Member of the Minnesota House of Representatives
- In office January 6, 1975 – January 6, 1993

Personal details
- Born: Joseph Richard Begich January 17, 1930 Eveleth, Minnesota, U.S.
- Died: August 10, 2019 (aged 89) Eveleth, Minnesota, U.S.
- Party: Democratic (DFL)
- Relations: Nick Begich Sr. (brother) Mark Begich (nephew) Nick Begich III (great-nephew)
- Occupation: management, mining, farming

= Joseph Begich =

American politician (1930–2019)

Joseph Richard Begich (January 17, 1930 – August 10, 2019) was an American politician in the state of Minnesota. He was born in Eveleth, Minnesota.
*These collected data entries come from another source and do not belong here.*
(* Let $c\ge 3$ be an integer with distinct prime factors $q_1,\dots,q_\omega$. Then $$G_c \;=\; R(c)^{\varphi(c)/2}\prod_{\substack{2\le p<c,\ p \text{ prime}\\ (p,c)=1}} p^{E_c(p)}.$$
   Context: For a positive integer $n$, $R(n)$ denotes its radical, the product of the distinct primes dividing $n$ (with $R(1)=1$). $\varphi$ is Euler's totient function. For an integer $c\ge 3$, consider all pairs of positive integers $(a,b)$ with $a+b=c$, $a<b$, $\gcd(a,b)=1$; there are $\varphi(c)/2$ of them, and $G_c$ is the product of $R(abc)$ over all these pairs. For a positive integer $n$ with distinct prime factors $q_1,\dots,q_\omega$ ($\omega=0$ if $n=1$) and a real number $x\neq 0$, define $$E_n(x)=\sum_{S\subseteq\{1,\dots,\omega\}}(-1)^{|S|}\left\lfloor \frac{n}{x\prod_{i\in S}q_i}\right\rfloor,$$ i.e. $\lfloor n/x\rfloor-\sum_i\lfloor n/(xq_i)\rfloor+\sum_{i<j}\lfloor n/(xq_iq_j)\rfloor-\cdots+(-1)^\omega\lfloor n/(xq_1\cdots q_\omega)\rfloor$. *)

theory Defs
  imports "HOL-Number_Theory.Number_Theory"
begin

definition rad :: "nat \<Rightarrow> nat" where
  "rad n = (\<Prod>p\<in>prime_factors n. p)"

definition G :: "nat \<Rightarrow> nat" where
  "G c = (\<Prod>(a,b)\<in>{(a,b). 0 < a \<and> 0 < b \<and> a + b = c \<and> a < b \<and> coprime a b}. rad (a * b * c))"

definition E :: "nat \<Rightarrow> real \<Rightarrow> int" where
  "E n x = (\<Sum>S\<in>Pow (prime_factors n).
              (-1) ^ card S * \<lfloor>real n / (x * real (\<Prod>q\<in>S. q))\<rfloor>)"

end

theory Submission
  imports Defs
begin

(*
  A pair (a, b) counted in G_c is (a, c - a) for a totative a of c with 2 a < c, and a, c - a, c
  are pairwise coprime, so R(a b c) = R(a) R(c - a) R(c).  Since a \<mapsto> c - a swaps the lower and
  upper halves of the totatives (for c \<ge> 3 none lies in the middle), G_c is R(c)^(\<phi>(c)/2) times
  the product of R(a) over all totatives a of c.  A prime p < c coprime to c occurs in that
  product once for each totative p k, i.e. for each k \<le> c / p coprime to c, and
  inclusion-exclusion over the prime factors of c counts these k as E_c(p).
*)

lemma coprime_iff_no_prime_factor_dvd:
  fixes k n :: nat
  assumes "n > 0"
  shows "coprime k n \<longleftrightarrow> (\<forall>q\<in>prime_factors n. \<not> q dvd k)"
proof
  assume "coprime k n"
  show "\<forall>q\<in>prime_factors n. \<not> q dvd k"
  proof (intro ballI notI)
    fix q assume "q \<in> prime_factors n" "q dvd k"
    then have "prime q" "q dvd k" "q dvd n"
      by auto
    with \<open>coprime k n\<close> show False
      using coprime_common_divisor not_prime_unit by blast
  qed
next
  assume "\<forall>q\<in>prime_factors n. \<not> q dvd k"
  then show "coprime k n"
  proof (rule contrapos_pp)
    assume "\<not> coprime k n"
    then obtain q where "prime q" "q dvd k" "q dvd n"
      using prime_factor_nat[of "gcd k n"] by fastforce
    with assms show "\<not> (\<forall>q\<in>prime_factors n. \<not> q dvd k)"
      by (auto simp: in_prime_factors_iff)
  qed
qed

lemma card_multiples_atLeastAtMost:
  fixes d N :: nat and P :: "nat \<Rightarrow> bool"
  assumes "d > 0" and "\<And>k. P (d * k) \<longleftrightarrow> P k"
  shows "card {a\<in>{1..N}. P a \<and> d dvd a} = card {k\<in>{1..N div d}. P k}"
proof -
  have "{a\<in>{1..N}. P a \<and> d dvd a} = (\<lambda>k. d * k) ` {k\<in>{1..N div d}. P k}"
  proof (intro equalityI subsetI)
    fix a assume "a \<in> {a\<in>{1..N}. P a \<and> d dvd a}"
    then obtain k where a: "a = d * k" "1 \<le> a" "a \<le> N" "P a" by auto
    then have "k \<in> {k\<in>{1..N div d}. P k}"
      using assms by (auto simp: less_eq_div_iff_mult_less_eq mult.commute)
    then show "a \<in> (\<lambda>k. d * k) ` {k\<in>{1..N div d}. P k}"
      using a(1) by blast
  next
    fix a assume "a \<in> (\<lambda>k. d * k) ` {k\<in>{1..N div d}. P k}"
    with assms show "a \<in> {a\<in>{1..N}. P a \<and> d dvd a}"
      by (auto simp: less_eq_div_iff_mult_less_eq mult.commute)
  qed
  moreover have "inj_on (\<lambda>k. d * k) {k\<in>{1..N div d}. P k}"
    using assms(1) by (auto simp: inj_on_def)
  ultimately show ?thesis
    by (simp add: card_image)
qed

lemma sum_Pow_insert:
  assumes "finite A" "x \<notin> A"
  shows "(\<Sum>S\<in>Pow (insert x A). f S) = (\<Sum>S\<in>Pow A. f S) + (\<Sum>S\<in>Pow A. f (insert x S))"
proof -
  have "inj_on (insert x) (Pow A)"
    using assms(2) by (auto simp: inj_on_def)
  with assms show ?thesis
    unfolding Pow_insert by (subst sum.union_disjoint) (auto simp: sum.reindex)
qed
He was an alumnus of the Northwest School of Agriculture and was a grain and livestock farmer. Begich served in the United States Army. He served as mayor of Eveleth, Minnesota, from 1965 to 1974, when he was elected to the Minnesota Legislature. He served in the Minnesota House of Representatives for District 6A from 1975 to 1982 and for District 6B from 1983 to 1992. He was also a member of the Eveleth Hospital Board. Begich died at a nursing home in Eveleth in 2019 at the age of 89.

== Family ==

Begich was married to Carolyn and had one daughter. He was the brother of United States Congressman from Alaska Nick Begich, who disappeared and was presumed dead in 1972 while riding a plane, the uncle of former United States Senator from Alaska Mark Begich, and the great-uncle of the current United States Congressman from Alaska Nick Begich III.

== Honours ==

- A section of Minnesota State Highway 101 was renamed the "Representative Joe Begich Highway" in 2017.